24 August 2019
My IT return for FY 2017 - '18 included the following house properties:
House A - Self-occupied, purchased with housing loan, House B - Deemed Let-out, purchased with housing loan
The scenario during FY 2018 - '19 is:
House A - sold in Jun '18, resulted in Long Term Capital Gain of Rs. 15 lakh, House C - purchased in Aug '18 for Rs. 30 lakh with own contribution of 3 lakh and housing loan of Rs. 27 lakh, House B - remains Deemed Let-out.
In view of the above, can you please let me know the following information?
1. Cost of C was higher than Capital Gain from A, and C was purchased soon after sale of A. Although C was purchased with housing loan, hope I can avail the capital gain exemption under Section 54 (as per many judgments of tribunals/courts). Can you please confirm the same?
2. Agreement date for House C (ready-to-move) was 10/07/2018, major/full payment date 25/07/2018 and possession date 04/08/2018. Registration not yet done due to some issues at developer's end. Which date should be considered as date of purchase/construction? Is it possession date or some other date? Can section 54 exemption be availed even if registration not yet done?

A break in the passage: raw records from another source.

(* Let $(\mathfrak{g},[\cdot,\cdot]_{\mathfrak{g}},\phi_{\mathfrak{g}})$ be a Hom-Lie algebra, $(V,\beta,\rho)$ a weakly involutive representation of it ($V$ finite-dimensional), and $T:V\to\mathfrak g$ a linear map satisfying $T\beta=\phi_{\mathfrak g}T$. If $T$ is an $\mathcal O$-operator associated to $(V,\beta,\rho)$, then $r=\overline T-\sigma(\overline T)$ is a solution of the classical Hom-Yang-Baxter equation $[r,r]=0$ in the Hom-Lie algebra $\mathfrak g\ltimes_{\rho^\circ}V^*$.
   Context: A Hom-Lie algebra $(\mathfrak{h},[\cdot,\cdot]_{\mathfrak{h}},\phi_{\mathfrak{h}})$: skew-symmetric bilinear bracket and linear map with $\phi_{\mathfrak h}[x,y]=[\phi_{\mathfrak h}x,\phi_{\mathfrak h}y]$ and $[\phi_{\mathfrak h}(x),[y,z]]+[\phi_{\mathfrak h}(y),[z,x]]+[\phi_{\mathfrak h}(z),[x,y]]=0$. A representation $(V,\beta,\rho)$ of $\mathfrak g$: $\beta\in\mathfrak{gl}(V)$, $\rho:\mathfrak g\to\mathfrak{gl}(V)$ linear with $\rho(\phi_{\mathfrak g}(x))\beta=\beta\rho(x)$ and $\rho([x,y]_{\mathfrak g})\beta=\rho(\phi_{\mathfrak g}(x))\rho(y)-\rho(\phi_{\mathfrak g}(y))\rho(x)$; it is weakly involutive if $\rho(\phi_{\mathfrak g}^2(x))=\rho(x)$ for all $x$. Define $\rho^\circ:\mathfrak g\to\mathfrak{gl}(V^* )$ by $\langle\rho^\circ(x)\xi,v\rangle=-\langle\xi,\rho(\phi_{\mathfrak g}(x))v\rangle$; when $\rho$ is weakly involutive, $(V^*,\beta^*,\rho^\circ)$ is a representation. The semidirect product $\mathfrak g\ltimes_{\rho^\circ}V^*$ is $\mathfrak g\oplus V^*$ with bracket $[(x,\xi),(y,\eta)]=([x,y]_{\mathfrak g},\rho^\circ(x)\eta-\rho^\circ(y)\xi)$ and twisting map $\phi_{\mathfrak g}\oplus\beta^*$. An $\mathcal O$-operator associated to $(V,\beta,\rho)$ is a linear map $T:V\to\mathfrak g$ with $T\beta=\phi_{\mathfrak g}T$ and $[T(u),T(v)]_{\mathfrak g}=T(\rho(T(u))v-\rho(T(v))u)$ for all $u,v\in V$. With $\{v_i\}$ a basis of $V$ and $\{v^i\}$ the dual basis, $\overline T=\sum_iv^i\otimes T(v_i)\in(\mathfrak g\oplus V^* )^{\otimes2}$, and $\sigma$ is the flip of tensor factors. For a Hom-Lie algebra $(\mathfrak h,[\cdot,\cdot],\phi)$ and $r=\sum_ix_i\otimes y_i\in\mathfrak h\otimes\mathfrak h$, $[r,r]=\sum_{i,j}\big([x_i,x_j]\otimes\phi(y_i)\otimes\phi(y_j)+\phi(x_i)\otimes[y_i,x_j]\otimes\phi(y_j)+\phi(x_i)\otimes\phi(x_j)\otimes[y_i,y_j]\big)$; the classical Hom-Yang-Baxter equation is $[r,r]=0$. *)

theory Defs
  imports Main "HOL.Vector_Spaces" "HOL-Library.Function_Algebras" "HOL-Library.Product_Plus"
begin

text \<open>The finite-dimensional representation
 space V is realised in coordinates as 'n \<Rightarrow> 'k ('n a finite index type); its
 standard basis e_i is the basis v_i, and V* is realised as 'n \<Rightarrow> 'k via the
 pairing \<langle>xi, v\<rangle> = sum_i xi i * v i, so the dual basis v^i is again e_i.\<close>

definition klinear :: "('k \<Rightarrow> 'a \<Rightarrow> 'a) \<Rightarrow> ('k \<Rightarrow> 'b \<Rightarrow> 'b) \<Rightarrow> ('a::ab_group_add \<Rightarrow> 'b::ab_group_add) \<Rightarrow> bool" where
  "klinear s1 s2 f \<longleftrightarrow> (\<forall>x y. f (x + y) = f x + f y) \<and> (\<forall>c x. f (s1 c x) = s2 c (f x))"

definition vscale :: "'k::field \<Rightarrow> ('n \<Rightarrow> 'k) \<Rightarrow> ('n \<Rightarrow> 'k)" where
  "vscale c v = (\<lambda>i. c * v i)"

definition ebas :: "'n \<Rightarrow> ('n \<Rightarrow> 'k::field)" where
  "ebas i = (\<lambda>j. if j = i then 1 else 0)"

definition pairing :: "('n::finite \<Rightarrow> 'k::field) \<Rightarrow> ('n \<Rightarrow> 'k) \<Rightarrow> 'k" where
  "pairing xi v = (\<Sum>i\<in>UNIV. xi i * v i)"

definition hom_lie_algebra ::
  "('k::field \<Rightarrow> 'g \<Rightarrow> 'g) \<Rightarrow> ('g::ab_group_add \<Rightarrow> 'g \<Rightarrow> 'g) \<Rightarrow> ('g \<Rightarrow> 'g) \<Rightarrow> bool" where
  "hom_lie_algebra sc br phi \<longleftrightarrow>
     vector_space sc \<and>
     (\<forall>y. klinear sc sc (\<lambda>x. br x y)) \<and> (\<forall>x. klinear sc sc (\<lambda>y. br x y)) \<and>
     (\<forall>x y. br x y = - br y x) \<and>
     klinear sc sc phi \<and>
     (\<forall>x y. phi (br x y) = br (phi x) (phi y)) \<and>
     (\<forall>x y z. br (phi x) (br y z) + br (phi y) (br z x) + br (phi z) (br x y) = 0)"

3. House A was self-occupied for 3 months before its sale and House C self-occupied for 8 months during the FY. I am not sure if I need to show both House A & C in 'Income from House Property' head for IT return FY 2018 - '19 i.e. AY 2019 - '20. Shall I consider House A as self-occupied and House C deemed let-out? Or, can House A be deemed let-out and House C self-occupied, as Gross Annual Value is much higher for House C (and hence more deduction if it's self-occupied)? House B is deemed let-out as before.
25 August 2019
1 Capital gain exemption can be availed. 2 Section 54 exemption can be availed as amount has been fully invested. see thr link. https://www.charteredclub.com/cap-gain-exemption-if-construction-not-completed-in-3-years/ 3 Yes it's allowed.
25 August 2019
Many Thanks Sir for all the answers.
About answer 3, is it mandatory to show Income/loss from sold House A? FYI, I paid 2 EMIs for House A loan before its sale. If I exclude House A and only show House C & B as self-occupied & deemed let-out respectively, tax payable is lesser. But I am not sure if it is appropriate to exclude House A in 'Income from House Property' head in this scenario. Generally we show all house properties with income/loss. My confusion is due to the fact that House A was sold during the FY (i.e. Jun '18).